→ YOUR ASSIGNMENT
Where the records below reach the line containing "obtain M where", start transcribing, and end with the line containing "by (intro bounded_linear_intro[of _ M])", exactly and with nothing else added.
** RECORDS FOR THE TASK follows **
text \<open>The key step, where \<open>rad w\<^sub>0 > 1\<close> enters: at a minimizer every direction strictly
  increases some active value.  Otherwise the competitor of
  \<open>flat_direction_competitor\<close>, corrected by a large multiple of \<open>d\<close>, would be a descent
  direction.\<close>
lemma active_increase:
  assumes min: "\<forall>w. rad w0 \<le> rad w" and gt: "1 < rad w0" and d: "norm d = 1"
  shows "\<exists>q\<in>active w0. 0 < sslope q d"
proof (rule ccontr)
  assume "\<not> ?thesis"
  then have nonpos: "\<forall>q\<in>active w0. sslope q d \<le> 0" by (auto simp: not_less)
  obtain ws where ws: "\<forall>p\<in>states. lin p d = 0 \<longrightarrow> \<bar>aff p ws\<bar> \<le> 1"
    using flat_direction_competitor[OF d] by blast
  have "\<exists>K. \<forall>q\<in>active w0. (sval q ws - rad w0) + K * sslope q d < 0"
  proof (rule compact_penalty[OF compact_active])
    show "continuous_on (active w0) (\<lambda>q. sval q ws - rad w0)"
      using continuous_on_sval by (intro continuous_intros)
    show "continuous_on (active w0) (\<lambda>q. sslope q d)" by (rule continuous_on_sslope)
    show "\<forall>q\<in>active w0. sslope q d \<le> 0" by (rule nonpos)
    show "\<forall>q\<in>active w0. sslope q d = 0 \<longrightarrow> sval q ws - rad w0 < 0"
    proof (intro ballI impI)
      fix q assume q: "q \<in> active w0" "sslope q d = 0"
      then have "fst q \<in> states" "snd q = 1 \<or> snd q = -1" using sstatesD by (auto simp: active_def)
      moreover from this q(2) have "lin (fst q) d = 0" by (auto simp: sslope_def)
      ultimately have "sval q ws \<le> 1" using ws by (auto simp: sval_def)
      then show "sval q ws - rad w0 < 0" using gt by simp
    qed
  qed
  then obtain K where K: "\<forall>q\<in>active w0. (sval q ws - rad w0) + K * sslope q d < 0" by blast
  have "\<forall>q\<in>active w0. sslope q ((ws - w0) + K *\<^sub>R d) < 0"
  proof
    fix q assume q: "q \<in> active w0"
    have "sval q ws = rad w0 + sslope q (ws - w0)"
      using q sval_add[of q w0 "ws - w0"] by (simp add: active_def)
    moreover have "sslope q ((ws - w0) + K *\<^sub>R d) = sslope q (ws - w0) + K * sslope q d"
      by (simp add: sslope_add sslope_scale)
    ultimately show "sslope q ((ws - w0) + K *\<^sub>R d) < 0" using K q by auto
  qed
  then show False using no_descent_direction[OF min] by blast
qed

lemma sharp_minimum:
  assumes min: "\<forall>w. rad w0 \<le> rad w" and gt: "1 < rad w0"
  shows "\<exists>k>0. \<forall>w. rad w0 + k * norm (w - w0) \<le> rad w"
proof -
  have "\<exists>k>0. \<forall>d. norm d = 1 \<longrightarrow> (\<exists>q\<in>active w0. k \<le> sslope q d)"
  proof (rule uniform_positivity_on_sphere[OF active_nonempty lipK_pos])
    fix q d d' assume "q \<in> active w0"
    then have "\<bar>sslope q (d - d')\<bar> \<le> lipK * norm (d - d')" using sslope_bound by (simp add: active_def)
    moreover have "sslope q d = sslope q d' + sslope q (d - d')" using sslope_add[of q d' "d - d'"] by simp
    ultimately show "sslope q d - sslope q d' \<le> lipK * norm (d - d')" by linarith
  next
    fix q d assume "q \<in> active w0"
    then show "\<bar>sslope q d\<bar> \<le> lipK * norm d" using sslope_bound by (simp add: active_def)
  qed (rule active_increase[OF min gt])
  then obtain k where k: "0 < k" "\<And>d. norm d = 1 \<Longrightarrow> \<exists>q\<in>active w0. k \<le> sslope q d" by blast
  have "rad w0 + k * norm (w - w0) \<le> rad w" for w
  proof (cases "w = w0")
    case False
    define d where "d = (1 / norm (w - w0)) *\<^sub>R (w - w0)"
    have nd: "0 < norm (w - w0)" using False by simp
    then have "norm d = 1" by (simp add: d_def)
    then obtain q where q: "q \<in> active w0" "k \<le> sslope q d" using k(2) by blast
    have "w = w0 + norm (w - w0) *\<^sub>R d" using nd by (simp add: d_def)
    then have "sval q w = rad w0 + norm (w - w0) * sslope q d"
      using q(1) sval_add sslope_scale by (metis (mono_tags, lifting) active_def mem_Collect_eq)
    moreover have "norm (w - w0) * k \<le> norm (w - w0) * sslope q d" using q(2) nd by simp
    moreover have "sval q w \<le> rad w" using q(1) sval_le_rad by (simp add: active_def)
    ultimately show ?thesis by (simp add: mult.commute)
  qed simp
  then show ?thesis using k(1) by blast
qed

end

section \<open>Transfer to the Banach space\<close>

locale coordinates =
  fixes L :: "e3 \<Rightarrow> 'a::real_normed_vector" and V :: "'a set"
  assumes linL: "linear L" and bijL: "bij L" and V_eq: "V = range (\<lambda>w. L (w, 0))"
begin

definition Li :: "'a \<Rightarrow> e3" where "Li = inv L"

lemma L_Li [simp]: "L (Li y) = y"
  unfolding Li_def by (rule surj_f_inv_f[OF bij_is_surj[OF bijL]])

lemma Li_L [simp]: "Li (L c) = c"
  unfolding Li_def by (rule inv_f_f[OF bij_is_inj[OF bijL]])

lemma linear_Li: "linear Li"
proof (rule linearI)
  fix x y show "Li (x + y) = Li x + Li y" by (metis L_Li Li_L linear_add[OF linL])
next
  fix r x show "Li (r *\<^sub>R x) = r *\<^sub>R Li x" by (metis L_Li Li_L linear_scale[OF linL])
qed

text \<open>The norm of \<open>X\<close> in coordinates; by compactness of the Euclidean sphere it is
  equivalent to the Euclidean norm.\<close>
definition nn :: "e3 \<Rightarrow> real" where "nn c = norm (L c)"

lemma equiv_norm_exists: "\<exists>m M. equiv_norm nn m M"
proof -
  obtain M where M: "\<And>x. norm (L x) \<le> M * norm x" using linear_bounded_pos[OF linL] by blast
  have "bounded_linear L" using M linL
    by (intro bounded_linear_intro[of _ M]) (auto simp: linear_add linear_scale mult.commute)
  then have "continuous_on (sphere 0 1) (\<lambda>c. norm (L c))"
    by (intro continuous_intros linear_continuous_on)
  from continuous_attains_inf[OF compact_sphere _ this]
  obtain c0 :: e3 where c0: "norm c0 = 1" "\<And>c. norm c = 1 \<Longrightarrow> norm (L c0) \<le> norm (L c)" by auto
  define m where "m = norm (L c0)"
  have "L c0 \<noteq> 0" using c0(1) linear_0[OF linL] bij_is_inj[OF bijL] by (metis injD norm_zero zero_neq_one)
  then have m_pos: "0 < m" by (simp add: m_def)
  have lower: "m * norm x \<le> nn x" for x
  proof (cases "x = 0")
    case True then show ?thesis by (simp add: nn_def linear_0[OF linL])
  next
    case False
    then have "m \<le> norm (L ((1 / norm x) *\<^sub>R x))" using c0(2) by (simp add: m_def)
    also have "\<dots> = norm (L x) / norm x" by (simp add: linear_scale[OF linL])
    finally show ?thesis using False by (simp add: nn_def field_simps)
  qed
  have "equiv_norm nn m M"
    by unfold_locales
      (use m_pos lower M in \<open>simp_all add: nn_def linear_add[OF linL] linear_scale[OF linL] norm_triangle_ineq\<close>)
  then show ?thesis by blast
qed

definition height :: "'a \<Rightarrow> real" where "height y = snd (Li y)"

lemma height_L [simp]: "height (L c) = snd c"
  by (simp add: height_def)

lemma linear_height: "linear height"
  unfolding height_def using linear_Li by (intro linearI) (simp_all add: linear_add linear_scale)

lemma V_height: "V = {y. height y = 0}"
proof (intro set_eqI iffI)
  fix y assume "y \<in> {y. height y = 0}"
  then have "Li y = (fst (Li y), 0)" by (simp add: height_def prod_eq_iff)
  then have "y = L (fst (Li y), 0)" by (metis L_Li)
  then show "y \<in> V" unfolding V_eq by blast
qed (auto simp: V_eq)

definition Pw :: "e2 \<Rightarrow> 'a \<Rightarrow> 'a" where "Pw w y = y - height y *\<^sub>R L (w, 1)"

lemma Pw_projection: "Pw w \<in> projections V"
proof -
  have "linear (Pw w)" unfolding Pw_def using linear_height
    by (intro linearI) (simp_all add: linear_add linear_scale algebra_simps)
  moreover have "height (Pw w y) = 0" for y
    unfolding Pw_def using linear_height by (simp add: linear_diff linear_scale)
  ultimately show ?thesis by (auto simp: projections_def V_height Pw_def)
qed

lemma projection_is_Pw:
  assumes P: "P \<in> projections V"
  shows "\<exists>w. P = Pw w"
proof -
  have linP: "linear P" and rP: "range P \<subseteq> V" and idP: "\<forall>v\<in>V. P v = v"
    using P by (auto simp: projections_def)
  define a where "a = L ((0,0),1)"
  have "height (P a) = 0" using rP by (auto simp: V_height)
  then have "height (a - P a) = 1" using linear_height by (simp add: a_def linear_diff)
  then have a_Pa: "L (fst (Li (a - P a)), 1) = a - P a"
    by (metis L_Li height_def prod.collapse)
  have "P y = Pw (fst (Li (a - P a))) y" for y
  proof -
    have "height (y - height y *\<^sub>R a) = 0" using linear_height by (simp add: a_def linear_diff linear_scale)
    then have "P (y - height y *\<^sub>R a) = y - height y *\<^sub>R a" using idP by (simp add: V_height)
    then have "P y = y - height y *\<^sub>R (a - P a)"
      using linP by (simp add: linear_diff linear_scale algebra_simps)
    then show ?thesis by (simp add: Pw_def a_Pa)
  qed
  then show ?thesis by blast
qed

lemma linear_functional_coordinates:
  assumes "linear f"
  shows "f (L c) = inner ((f (L ((1,0),0)), f (L ((0,1),0))), f (L ((0,0),1))) c"
proof -
  obtain c1 c2 c3 where c: "c = ((c1, c2), c3)" by (metis prod.collapse)
  have "c = c1 *\<^sub>R ((1,0),0) + c2 *\<^sub>R ((0,1),0) + c3 *\<^sub>R ((0,0),1)" by (simp add: c)
  then have "L c = c1 *\<^sub>R L ((1,0),0) + c2 *\<^sub>R L ((0,1),0) + c3 *\<^sub>R L ((0,0),1)"
    by (metis linear_add[OF linL] linear_scale[OF linL])
  then show ?thesis using assms by (simp add: c linear_add linear_scale inner_prod_def)
qed

lemma state_of_norming_pair:
  assumes bl: "bounded_linear f" and of: "onorm f = 1" and x: "norm x = 1" and fx: "f x = 1"
  shows "\<exists>u. (Li x, u) \<in> equiv_norm.states nn \<and> (\<forall>y. f y = inner u (Li y))"
proof -
  obtain m M where N: "equiv_norm nn m M" using equiv_norm_exists by blast
  define u where "u = ((f (L ((1,0),0)), f (L ((0,1),0))), f (L ((0,0),1)))"
  have fL: "f (L c) = inner u c" for c
    unfolding u_def by (rule linear_functional_coordinates[OF bounded_linear.linear[OF bl]])
  have f_eq: "f y = inner u (Li y)" for y using fL[of "Li y"] by simp
  have "\<bar>inner u y\<bar> \<le> nn y" for y
    using onorm[OF bl, of "L y"] of by (simp add: fL[symmetric] nn_def)
  then have "(Li x, u) \<in> equiv_norm.states nn"
    using x fx by (simp add: equiv_norm.states_def[OF N] nn_def f_eq)
  then show ?thesis using f_eq by blast
qed

lemma norming_pair_of_state:
  assumes p: "p \<in> equiv_norm.states nn"
  defines "f \<equiv> \<lambda>y. inner (snd p) (Li y)"
  shows "bounded_linear f" "onorm f = 1" "norm (L (fst p)) = 1" "f (L (fst p)) = 1"
proof -
  obtain m M where N: "equiv_norm nn m M" using equiv_norm_exists by blast
  have fb: "norm (f y) \<le> norm y * 1" for y
    using equiv_norm.statesD(2)[OF N p, of "Li y"] by (simp add: f_def nn_def)
  show bl: "bounded_linear f"
    using fb linear_Li
    by (intro bounded_linear_intro[of _ 1]) (simp_all add: f_def linear_add linear_scale inner_add_right)
  show nx: "norm (L (fst p)) = 1" using equiv_norm.statesD(1)[OF N p] by (simp add: nn_def)
  show fx: "f (L (fst p)) = 1" using equiv_norm.statesD(3)[OF N p] by (simp add: f_def)
  have "onorm f \<le> 1" by (rule onorm_bound) (use fb in \<open>simp_all add: mult.commute\<close>)
  moreover have "1 \<le> onorm f" using onorm[OF bl, of "L (fst p)"] nx fx by simp
  ultimately show "onorm f = 1" by simp
qed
** End of RECORDS FOR THE TASK **
→ EXERCISE SOLUTION
  obtain M where M: "\<And>x. norm (L x) \<le> M * norm x" using linear_bounded_pos[OF linL] by blast
  have "bounded_linear L" using M linL
    by (intro bounded_linear_intro[of _ M]) (auto simp: linear_add linear_scale mult.commute)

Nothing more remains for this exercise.